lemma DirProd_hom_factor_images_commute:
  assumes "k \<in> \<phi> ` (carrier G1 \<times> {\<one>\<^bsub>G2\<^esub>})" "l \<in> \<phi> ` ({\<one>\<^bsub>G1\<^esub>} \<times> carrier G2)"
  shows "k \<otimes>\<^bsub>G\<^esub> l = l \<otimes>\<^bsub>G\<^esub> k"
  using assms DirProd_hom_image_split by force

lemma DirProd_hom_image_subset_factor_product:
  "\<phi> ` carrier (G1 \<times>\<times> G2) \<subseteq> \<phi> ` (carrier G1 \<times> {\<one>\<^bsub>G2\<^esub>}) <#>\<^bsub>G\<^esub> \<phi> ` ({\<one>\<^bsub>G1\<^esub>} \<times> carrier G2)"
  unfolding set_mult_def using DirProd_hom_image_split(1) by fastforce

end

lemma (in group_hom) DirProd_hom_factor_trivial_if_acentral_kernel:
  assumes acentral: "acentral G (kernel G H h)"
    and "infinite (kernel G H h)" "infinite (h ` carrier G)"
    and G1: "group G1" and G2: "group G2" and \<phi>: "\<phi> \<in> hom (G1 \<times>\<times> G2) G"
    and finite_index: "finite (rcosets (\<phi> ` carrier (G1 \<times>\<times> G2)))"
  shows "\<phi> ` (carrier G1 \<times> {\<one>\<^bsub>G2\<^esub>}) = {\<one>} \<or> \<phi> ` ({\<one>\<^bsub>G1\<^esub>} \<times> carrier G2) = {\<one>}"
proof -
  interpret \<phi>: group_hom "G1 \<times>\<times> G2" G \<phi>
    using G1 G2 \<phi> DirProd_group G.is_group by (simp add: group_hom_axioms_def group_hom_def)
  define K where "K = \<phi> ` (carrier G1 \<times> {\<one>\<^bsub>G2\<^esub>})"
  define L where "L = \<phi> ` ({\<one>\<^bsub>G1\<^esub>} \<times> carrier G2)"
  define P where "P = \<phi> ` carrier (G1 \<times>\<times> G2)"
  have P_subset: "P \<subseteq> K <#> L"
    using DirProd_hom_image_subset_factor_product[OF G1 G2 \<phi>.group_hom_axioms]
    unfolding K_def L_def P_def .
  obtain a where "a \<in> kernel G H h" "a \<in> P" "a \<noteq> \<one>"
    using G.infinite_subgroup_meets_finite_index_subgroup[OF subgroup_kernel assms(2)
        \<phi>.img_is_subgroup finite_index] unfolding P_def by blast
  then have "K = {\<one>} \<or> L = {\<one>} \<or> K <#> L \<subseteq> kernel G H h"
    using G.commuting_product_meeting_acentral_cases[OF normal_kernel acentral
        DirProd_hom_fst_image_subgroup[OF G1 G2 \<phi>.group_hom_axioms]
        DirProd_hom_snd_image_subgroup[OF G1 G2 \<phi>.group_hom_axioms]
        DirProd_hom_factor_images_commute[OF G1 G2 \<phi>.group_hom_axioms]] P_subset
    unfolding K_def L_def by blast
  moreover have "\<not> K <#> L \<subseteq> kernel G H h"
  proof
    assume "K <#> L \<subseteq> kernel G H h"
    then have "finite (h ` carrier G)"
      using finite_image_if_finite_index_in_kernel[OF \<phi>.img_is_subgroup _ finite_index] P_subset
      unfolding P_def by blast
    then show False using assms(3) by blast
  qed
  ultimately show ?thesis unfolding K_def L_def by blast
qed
######
In full and without alteration, retype the entries above.

Result of this task:
lemma DirProd_hom_factor_images_commute:
  assumes "k \<in> \<phi> ` (carrier G1 \<times> {\<one>\<^bsub>G2\<^esub>})" "l \<in> \<phi> ` ({\<one>\<^bsub>G1\<^esub>} \<times> carrier G2)"
  shows "k \<otimes>\<^bsub>G\<^esub> l = l \<otimes>\<^bsub>G\<^esub> k"
  using assms DirProd_hom_image_split by force

lemma DirProd_hom_image_subset_factor_product:
  "\<phi> ` carrier (G1 \<times>\<times> G2) \<subseteq> \<phi> ` (carrier G1 \<times> {\<one>\<^bsub>G2\<^esub>}) <#>\<^bsub>G\<^esub> \<phi> ` ({\<one>\<^bsub>G1\<^esub>} \<times> carrier G2)"
  unfolding set_mult_def using DirProd_hom_image_split(1) by fastforce

end

lemma (in group_hom) DirProd_hom_factor_trivial_if_acentral_kernel:
  assumes acentral: "acentral G (kernel G H h)"
    and "infinite (kernel G H h)" "infinite (h ` carrier G)"
    and G1: "group G1" and G2: "group G2" and \<phi>: "\<phi> \<in> hom (G1 \<times>\<times> G2) G"
    and finite_index: "finite (rcosets (\<phi> ` carrier (G1 \<times>\<times> G2)))"
  shows "\<phi> ` (carrier G1 \<times> {\<one>\<^bsub>G2\<^esub>}) = {\<one>} \<or> \<phi> ` ({\<one>\<^bsub>G1\<^esub>} \<times> carrier G2) = {\<one>}"
proof -
  interpret \<phi>: group_hom "G1 \<times>\<times> G2" G \<phi>
    using G1 G2 \<phi> DirProd_group G.is_group by (simp add: group_hom_axioms_def group_hom_def)
  define K where "K = \<phi> ` (carrier G1 \<times> {\<one>\<^bsub>G2\<^esub>})"
  define L where "L = \<phi> ` ({\<one>\<^bsub>G1\<^esub>} \<times> carrier G2)"
  define P where "P = \<phi> ` carrier (G1 \<times>\<times> G2)"
  have P_subset: "P \<subseteq> K <#> L"
    using DirProd_hom_image_subset_factor_product[OF G1 G2 \<phi>.group_hom_axioms]
    unfolding K_def L_def P_def .
  obtain a where "a \<in> kernel G H h" "a \<in> P" "a \<noteq> \<one>"
    using G.infinite_subgroup_meets_finite_index_subgroup[OF subgroup_kernel assms(2)
        \<phi>.img_is_subgroup finite_index] unfolding P_def by blast
  then have "K = {\<one>} \<or> L = {\<one>} \<or> K <#> L \<subseteq> kernel G H h"
    using G.commuting_product_meeting_acentral_cases[OF normal_kernel acentral
        DirProd_hom_fst_image_subgroup[OF G1 G2 \<phi>.group_hom_axioms]
        DirProd_hom_snd_image_subgroup[OF G1 G2 \<phi>.group_hom_axioms]
        DirProd_hom_factor_images_commute[OF G1 G2 \<phi>.group_hom_axioms]] P_subset
    unfolding K_def L_def by blast
  moreover have "\<not> K <#> L \<subseteq> kernel G H h"
  proof
    assume "K <#> L \<subseteq> kernel G H h"
    then have "finite (h ` carrier G)"
      using finite_image_if_finite_index_in_kernel[OF \<phi>.img_is_subgroup _ finite_index] P_subset
      unfolding P_def by blast
    then show False using assms(3) by blast
  qed
  ultimately show ?thesis unfolding K_def L_def by blast
qed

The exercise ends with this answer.